Given, A = {1, 2}, B = {1, 2, 3, 4}, C = {5, 6} and D = {5, 6, 7, 8}

(i) B ∩ C = {}
= ∅
A × (B ∩ C)
= A × ∅
= ∅
A × B = {(1, 1), (1, 2),(1, 3), (1, 4), (2, 1), (2, 2), (2, 3), (2, 4)}
A × C = {(1, 5), (1, 6), (2, 5), (2, 6)}
(A × B) ∩ (A × C)
= ∅
L.H.S.= R.H.S. Hence proved.

(ii) Here,
A × C = {(1, 5), (1, 6), (2, 5), (2, 6)}
B × D = {(1, 5), (1, 6), (1, 7), (1, 8), (2, 5),
(2, 6), (2, 7), (2, 8), (3, 5), (3, 6),
(3, 7), (3, 8), (4, 5), (4, 6), (4, 7), (4, 8)}
Since,
(A × C) ∩ (B × D) = {(1, 5), (1, 6), (2, 5), (2, 6)}
= (A × C)
So, (A × C) is a subset of (B × D).

Q.8 Let A and B be two sets such that n(A) = 3 and n(B) = 2. If (x, 1), (y, 2), (z, 1) are in A × B, find A and B, where x, y and z are distinct elements.

Ans.
Number of elements in set A = 3
Number of elements in set B = 2,
Some elements of A × B are (x, 1), (y, 2), (z, 1).
Since, Cartesian product A × B of two sets A and B is given by A × B = {(a, b): a ∈ A, b ∈ B} So, A = {x, y, z} and B = {1, 2}.

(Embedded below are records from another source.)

(* Let $G$ be an abelian profinite-$C$ group. Then the following are equivalent: (i) $G$ is a $C$-group; (ii) $G$ is a torsion group; (iii) $G$ has squarefree finite exponent.
   Context: A permutable complement of a subgroup $H$ of a group $G$ is a subgroup $K$ with $G=HK$ and $H\cap K=1$. A group is a $C$-group if every subgroup has a permutable complement. A profinite group $G$ is a profinite-$C$ group if every closed subgroup of $G$ has a closed permutable complement in $G$. *)

theory Defs
  imports "HOL-Analysis.Analysis" "HOL-Algebra.Coset" "HOL-Computational_Algebra.Squarefree"
begin

definition topological_group :: "('a, 'b) monoid_scheme \<Rightarrow> 'a topology \<Rightarrow> bool" where
  "topological_group G T \<longleftrightarrow> group G \<and> topspace T = carrier G \<and>
     continuous_map (prod_topology T T) T (\<lambda>(x, y). x \<otimes>\<^bsub>G\<^esub> y) \<and>
     continuous_map T T (\<lambda>x. inv\<^bsub>G\<^esub> x)"

definition profinite_group :: "('a, 'b) monoid_scheme \<Rightarrow> 'a topology \<Rightarrow> bool" where
  "profinite_group G T \<longleftrightarrow> topological_group G T \<and> compact_space T \<and> Hausdorff_space T \<and>
     (\<forall>x \<in> topspace T. connected_component_of_set T x = {x})"

definition permutable_complement :: "('a, 'b) monoid_scheme \<Rightarrow> 'a set \<Rightarrow> 'a set \<Rightarrow> bool" where
  "permutable_complement G H K \<longleftrightarrow> subgroup K G \<and> H <#>\<^bsub>G\<^esub> K = carrier G \<and>
     H \<inter> K = {\<one>\<^bsub>G\<^esub>}"

definition C_group :: "('a, 'b) monoid_scheme \<Rightarrow> bool" where
  "C_group G \<longleftrightarrow> (\<forall>H. subgroup H G \<longrightarrow> (\<exists>K. permutable_complement G H K))"

definition profinite_C_group :: "('a, 'b) monoid_scheme \<Rightarrow> 'a topology \<Rightarrow> bool" where
  "profinite_C_group G T \<longleftrightarrow> profinite_group G T \<and>
     (\<forall>H. subgroup H G \<and> closedin T H \<longrightarrow>
        (\<exists>K. closedin T K \<and> permutable_complement G H K))"

definition torsion_group :: "('a, 'b) monoid_scheme \<Rightarrow> bool" where
  "torsion_group G \<longleftrightarrow> (\<forall>x \<in> carrier G. \<exists>n::nat. n > 0 \<and> x [^]\<^bsub>G\<^esub> n = \<one>\<^bsub>G\<^esub>)"

definition is_exponent :: "('a, 'b) monoid_scheme \<Rightarrow> nat \<Rightarrow> bool" where
  "is_exponent G e \<longleftrightarrow> e > 0 \<and> (\<forall>x \<in> carrier G. x [^]\<^bsub>G\<^esub> e = \<one>\<^bsub>G\<^esub>) \<and>
     (\<forall>m > 0. (\<forall>x \<in> carrier G. x [^]\<^bsub>G\<^esub> m = \<one>\<^bsub>G\<^esub>) \<longrightarrow> e \<le> m)"

end

theory Submission
  imports Defs "HOL-Algebra.Multiplicative_Group"
begin

(*
  A C-group is torsion: if x had infinite order, write x = h k with h in H = <x^2> and k in a
  complement K; then k is an odd power of x, so k^2 is a nontrivial element of H \<inter> K.

  In an abelian profinite-C group every finite subgroup is closed, hence complemented. If y had
  order p^2, then for y = h k with h in <y^p> we get k^p = y^p, so <y^p> meets its complement:
  element orders are squarefree. Conversely, in an abelian torsion group with squarefree element
  orders, let K be maximal among the subgroups meeting H trivially. Every element y of prime order
  lies in HK, for otherwise K<y> would still meet H trivially; an element x of squarefree order
  pm (p prime) is generated by x^m and x^p, of orders p and m, so by induction HK = G.

  Finally, a compact torsion group is the countable union of the closed sets {x. x^n = 1}, so by
  Baire one of them contains a nonempty open set U. Finitely many translates of U cover G, which
  bounds the exponent; the least exponent is squarefree because all element orders are.
*)

lemma (in group) subgroup_nat_pow_closed:
  assumes "subgroup K G" "k \<in> K"
  shows "k [^] (n::nat) \<in> K"
  using subgroup_int_pow_closed[OF assms, of "int n"] by (simp add: int_pow_int)

lemma (in group) torsion_group_iff_ord_nonzero:
  "torsion_group G \<longleftrightarrow> (\<forall>x\<in>carrier G. ord x \<noteq> 0)"
  unfolding torsion_group_def by (auto simp: ord_eq_0)

lemma (in group) ord_pow_factor:
  assumes "x \<in> carrier G" "ord x = p * q" "p \<noteq> 0"
  shows "ord (x [^] p) = q"
  using assms ord_pow[of x p] by simp

lemma (in group) finite_generate_singleton:
  assumes "x \<in> carrier G" "ord x \<noteq> 0"
  shows "finite (generate G {x})"
  using assms generate_pow_card[of x] card.infinite by metis

lemma (in group) mem_subgroup_if_coprime_pows:
  assumes M: "subgroup M G" and y: "y \<in> carrier G"
    and a: "y [^] (a::nat) \<in> M" and b: "y [^] (b::nat) \<in> M" and "coprime a b"
  shows "y \<in> M"
proof -
  have "gcd (int a) (int b) = 1"
    using \<open>coprime a b\<close> by (metis coprime_iff_gcd_eq_1 coprime_int_iff)
  then obtain s t :: int where "s * int a + t * int b = 1"
    using bezout_int[of "int a" "int b"] by metis
  then have "y = y [^] (int a * s + int b * t)"
    using y by (simp add: mult.commute)
  also have "\<dots> = (y [^] a) [^] s \<otimes> (y [^] b) [^] t"
    using y by (simp add: int_pow_pow int_pow_mult flip: int_pow_int)
  finally have "y = (y [^] a) [^] s \<otimes> (y [^] b) [^] t" .
  then show ?thesis
    using M a b by (metis subgroup.m_closed subgroup_int_pow_closed)
qed

lemma (in group) pow_mem_subgroup_prime_ord:
  assumes "subgroup M G" "y \<in> carrier G" "prime (ord y)" "y [^] (i::nat) \<in> M" "y \<notin> M"
  shows "y [^] i = \<one>"
proof -
  have "y [^] ord y \<in> M"
    using assms(1,2) by (simp add: subgroup.one_closed)
  then have "\<not> coprime i (ord y)"
    using mem_subgroup_if_coprime_pows[OF assms(1,2,4)] assms(5) by blast
  then have "ord y dvd i"
    using assms(3) prime_imp_coprime coprime_commute by metis
  then show ?thesis
    using assms(2) by (simp add: pow_eq_id)
qed

lemma permutable_complementE:
  assumes "permutable_complement G H K" "x \<in> carrier G"
  obtains h k where "h \<in> H" "k \<in> K" "x = h \<otimes>\<^bsub>G\<^esub> k"
  using assms unfolding permutable_complement_def set_mult_def by blast

lemma (in group) subgroups_subset_set_mult:
  assumes "subgroup H G" "subgroup K G"
  shows "H \<subseteq> H <#> K" "K \<subseteq> H <#> K"
proof -
  have "h \<otimes> \<one> \<in> H <#> K" if "h \<in> H" for h
    using that assms(2) subgroup.one_closed unfolding set_mult_def by blast
  then show "H \<subseteq> H <#> K"
    using assms(1) subgroup.mem_carrier by fastforce
  have "\<one> \<otimes> k \<in> H <#> K" if "k \<in> K" for k
    using that assms(1) subgroup.one_closed unfolding set_mult_def by blast
  then show "K \<subseteq> H <#> K"
    using assms(2) subgroup.mem_carrier by fastforce
qed

lemma (in group) square_cyclic_subgroup_no_complement:
  assumes x: "x \<in> carrier G" and "ord x = 0"
  shows "\<not> permutable_complement G (generate G {x [^] (2::int)}) K"
proof
  let ?H = "generate G {x [^] (2::int)}"
  assume K: "permutable_complement G ?H K"
  then have "subgroup K G" and disjoint: "?H \<inter> K = {\<one>}"
    unfolding permutable_complement_def by auto
  obtain h k where h: "h \<in> ?H" and k: "k \<in> K" and xhk: "x = h \<otimes> k"
    using permutable_complementE[OF K x] .
  obtain i :: int where hi: "h = x [^] (2 * i)"
    using h x by (auto simp: generate_pow int_pow_pow)
  have "h \<in> carrier G" "k \<in> carrier G"
    using x hi \<open>subgroup K G\<close> k subgroup.mem_carrier by auto
  then have "k = inv h \<otimes> x"
    using xhk by (simp add: inv_solve_left)
  also have "\<dots> = x [^] (- (2 * i)) \<otimes> x [^] (1::int)"
    using x hi by (simp add: int_pow_neg)
  also have "\<dots> = x [^] (1 - 2 * i)"
    using x int_pow_mult[of x "- (2 * i)" 1] by simp
  finally have "k [^] (2::int) = (x [^] (2::int)) [^] (1 - 2 * i)"
    using x by (simp add: int_pow_pow mult.commute)
  moreover have "k [^] (2::int) \<in> K"
    using \<open>subgroup K G\<close> k by (rule subgroup_int_pow_closed)
  moreover have "(x [^] (2::int)) [^] (1 - 2 * i) \<in> ?H"
    using x by (auto simp: generate_pow)
  ultimately have "x [^] (2 * (1 - 2 * i)) = \<one>"
    using disjoint x by (auto simp: int_pow_pow)
  then have "2 * (1 - 2 * i) = 0"
    using x \<open>ord x = 0\<close> by (simp add: int_pow_eq_id)
  then show False
    by presburger
qed

lemma (in group) C_group_imp_torsion_group:
  assumes "C_group G"
  shows "torsion_group G"
  unfolding torsion_group_iff_ord_nonzero
proof
  fix x assume x: "x \<in> carrier G"
  have "subgroup (generate G {x [^] (2::int)}) G"
    using x by (simp add: generate_is_subgroup)
  then show "ord x \<noteq> 0"
    using assms x square_cyclic_subgroup_no_complement unfolding C_group_def by blast
qed

lemma (in comm_group) order_p_subgroup_of_order_p2_no_complement:
  assumes y: "y \<in> carrier G" and p: "prime p" and oy: "ord y = p^2"
  shows "\<not> permutable_complement G (generate G {y [^] p}) K"
proof
  let ?u = "y [^] p"
  assume K: "permutable_complement G (generate G {?u}) K"
  then have "subgroup K G" and disjoint: "generate G {?u} \<inter> K = {\<one>}"
    unfolding permutable_complement_def by auto
  obtain h k where h: "h \<in> generate G {?u}" and k: "k \<in> K" and yhk: "y = h \<otimes> k"
    using permutable_complementE[OF K y] .
  have ou: "ord ?u = p"
    using y oy p ord_pow_factor[of y p p] by (simp add: power2_eq_square prime_gt_0_nat)
  have "generate G {?u} = {?u [^] j | j. j \<in> (UNIV :: nat set)}"
    using y ou p by (intro generate_pow_nat) auto
  then obtain j :: nat where "h = ?u [^] j"
    using h by blast
  then have "h [^] p = (?u [^] p) [^] j"
    using y by (simp add: nat_pow_pow ac_simps)
  moreover have "?u [^] p = \<one>"
    using y ou pow_ord_eq_1[of ?u] by simp
  ultimately have "h [^] p = \<one>"
    using y by simp
  moreover have "h \<in> carrier G"
    using h y generate_incl[of "{?u}"] by auto
  moreover have "k \<in> carrier G"
    using \<open>subgroup K G\<close> k by (rule subgroup.mem_carrier)
  ultimately have "k [^] p = ?u"
    unfolding yhk by (simp add: nat_pow_distrib)
  then have "?u \<in> generate G {?u} \<inter> K"
    using subgroup_nat_pow_closed[OF \<open>subgroup K G\<close> k, of p] by (simp add: generate.incl)
  then have "ord ?u = 1"
    using disjoint by simp
  with ou have "p = 1"
    by simp
  with p show False
    by simp
qed

lemma (in comm_group) squarefree_ord_if_finite_subgroups_complemented:
  assumes complemented: "\<And>H. subgroup H G \<Longrightarrow> finite H \<Longrightarrow> \<exists>K. permutable_complement G H K"
    and x: "x \<in> carrier G" and "ord x \<noteq> 0"
  shows "squarefree (ord x)"
proof (rule ccontr)
  assume "\<not> squarefree (ord x)"
  then obtain p :: nat where p: "prime p" and "p^2 dvd ord x"
    using squarefree_factorial_semiring[OF \<open>ord x \<noteq> 0\<close>] by blast
  from \<open>p^2 dvd ord x\<close> obtain m where "ord x = m * p^2"
    by (metis dvdE mult.commute)
  moreover have "m \<noteq> 0"
    using \<open>ord x \<noteq> 0\<close> calculation by auto
  ultimately have y: "x [^] m \<in> carrier G" and oy: "ord (x [^] m) = p^2"
    using x ord_pow_factor by auto
  have "p \<noteq> 0" "p^2 = p * p"
    using p by (auto simp: power2_eq_square)
  then have "ord ((x [^] m) [^] p) = p"
    using y oy ord_pow_factor by metis
  then have "finite (generate G {(x [^] m) [^] p})"
    using y p finite_generate_singleton[of "(x [^] m) [^] p"] by auto
  moreover have "subgroup (generate G {(x [^] m) [^] p}) G"
    using y by (simp add: generate_is_subgroup)
  ultimately show False
    using complemented order_p_subgroup_of_order_p2_no_complement[OF y p oy] by blast
qed

lemma profinite_groupD:
  assumes "profinite_group G T"
  shows "topological_group G T" "topspace T = carrier G" "compact_space T" "Hausdorff_space T"
  using assms unfolding profinite_group_def topological_group_def by simp_all

lemma profinite_C_group_finite_subgroups_complemented:
  assumes "profinite_C_group G T" "subgroup H G" "finite H"
  shows "\<exists>K. permutable_complement G H K"
proof -
  have profinite: "profinite_group G T"
    using assms(1) unfolding profinite_C_group_def by simp
  have "t1_space T"
    using Hausdorff_imp_t1_space profinite_groupD(4)[OF profinite] .
  moreover have "H \<subseteq> topspace T"
    using profinite_groupD(2)[OF profinite] subgroup.subset[OF assms(2)] by simp
  ultimately have "closedin T H"
    using assms(3) t1_space_closedin_finite by blast
  then show ?thesis
    using assms(1,2) unfolding profinite_C_group_def by blast
qed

Q.9 The Cartesian product A × A has 9 elements among which are found (–1, 0) and (0, 1).
Find the set A and the remaining elements of A × A.

Ans.
Number of elements in the cartesian product A × A = 9
Some given elements of A × A are (–1, 0) and (0, 1).
Let number of elements in set A, n(A) = 3
and number of elements in set A × A = 9
i.e., n(A × A) = n(A) × n(A)
9 = { n(A)}2
n(A) = 3
So, A = {–1, 0, 1}
Then, A × A = {(–1, –1), (–1, 0), (–1, 1), (0, –1,), (0, 0), (0,1), (1, –1,), (1, 0), (1, 1)}
Remaining elements of A × A are: (–1, –1), (–1, 1), (0, –1,), (0, 0), (1, –1,), (1, 0), (1, 1).